In my problem the linear modal is defined as the first term in the series expansion of $\sin(x)$ so:

$$\sin(x) = x - \frac{x^{3}}{3!}+\dots$$

$\sin(x) = x$ is the linear modal.

So with this, I then have to write $\frac{d^{2}x}{dt^{2}} = -\sin(x)$ as a system of $x^{\prime}$ and $y^{\prime}$, so:
$$x^{\prime} = y$$
$$y^{\prime} = \sin(x)$$

I tried the linear modal in Euler's method, with initial conditions X(1) = 1 and V(1)=0 :

Code (Text):
for i = 1:1000
V(i+1) = V(i)-(1.*s) ;
X(i+1) = V(i);
end
Where s is the step size.
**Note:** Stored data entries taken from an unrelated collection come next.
lemma rank_stat_permute:
  assumes "p permutes {..<n}"
  shows "rank_stat k phi n (z \<circ> p) (r \<circ> p) = rank_stat k phi n z r"
proof -
  have reindex: "(\<Sum>i<n. f (p i)) = (\<Sum>i<n. f i)" for f :: "nat \<Rightarrow> 'b::comm_monoid_add"
    using sum.permute[OF assms, of f] by (simp add: comp_def)
  have "(\<Sum>j<n. (if z (p j) then 0 else 1) * (if r (p j) \<le> c then 1 else 0))
      = (\<Sum>j<n. (if z j then 0 else 1) * (if r j \<le> c then 1 else 0 :: nat))" for c
    by (rule reindex)
  then show ?thesis
    unfolding rank_stat_def
    by (cases k) (simp_all add: reindex[of "\<lambda>i. (if z i then 1 else 0) * phi (r i)"]
        reindex[of "\<lambda>i. (if z i then 1 else 0) *
          phi (\<Sum>j<n. (if z j then 0 else 1) * (if r j \<le> r i then 1 else 0))"])
qed

lemma finite_cre: "finite (cre n n1)"
proof (rule finite_subset)
  show "cre n n1 \<subseteq> (\<lambda>A i. i \<in> A) ` Pow {..<n}"
  proof
    fix z assume "z \<in> cre n n1"
    then have "z = (\<lambda>i. i \<in> {i. i < n \<and> z i})"
      by (auto simp: cre_def fun_eq_iff) (meson not_le)
    then show "z \<in> (\<lambda>A i. i \<in> A) ` Pow {..<n}"
      by blast
  qed
qed simp

lemma cre_nonempty: "n1 \<le> n \<Longrightarrow> cre n n1 \<noteq> {}"
proof -
  assume "n1 \<le> n"
  then have "{i\<in>{0..<n}. i < n1} = {0..<n1}"
    by auto
  then have "(\<lambda>i. i < n1) \<in> cre n n1"
    using \<open>n1 \<le> n\<close> by (simp add: cre_def)
  then show ?thesis
    by blast
qed

lemma comp_permutes_in_cre:
  assumes "p permutes {..<n}" and "z \<in> cre n n1"
  shows "z \<circ> p \<in> cre n n1"
proof -
  have "p ` {i\<in>{..<n}. z (p i)} = {j\<in>{..<n}. z j}"
    using permutes_image[OF assms(1)] by auto
  then have "card {i\<in>{..<n}. z (p i)} = card {j\<in>{..<n}. z j}"
    by (metis card_image permutes_inj_on[OF assms(1)])
  moreover have "\<not> z (p i)" if "n \<le> i" for i
    using assms that by (simp add: cre_def permutes_not_in)
  ultimately show ?thesis
    using assms(2) by (simp add: cre_def atLeast0LessThan)
qed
But apparently I'm supposed to get a circle when I plot V with respect to X which makes sense, but all I get is a straight line.

If I change it to:

Code (Text):
for i = 1:1000
V(i+1) = V(i)-(X(i).*s) ;
X(i+1) = V(i);
end
With s=0.8 I get a spiral, which looks like a development but I'm no closer to the circular shape that I am expecting. I think I just need a fresh pair of eyes to see where perhaps an obvious error lies.

2. Nov 18, 2016

### Staff: Mentor

In your example the sin(x) = x approximation has the understanding that x is in radians and that its true for small angles <10 degrees or so.

https://en.wikipedia.org/wiki/Small-angle_approximation

Also I'd try to hand calculate things or better yet have the computer print out x(i) and v(i) so you can see where it goes wrong.

EDIT:

I looked at your example, and it does produce a line by hand calculation the V goes 0.0 to -0.1 to -0.2 ... while the X values do the same but more abruptly 1, 0.0, -0.1, -0.2 ...

To get a circle, wouldn't V have to be something like $V(i+1) = sqrt(1.0 - x(i)*x(i))$
and then it wouldn't work when x(i) > 10 degrees?

Last edited: Nov 18, 2016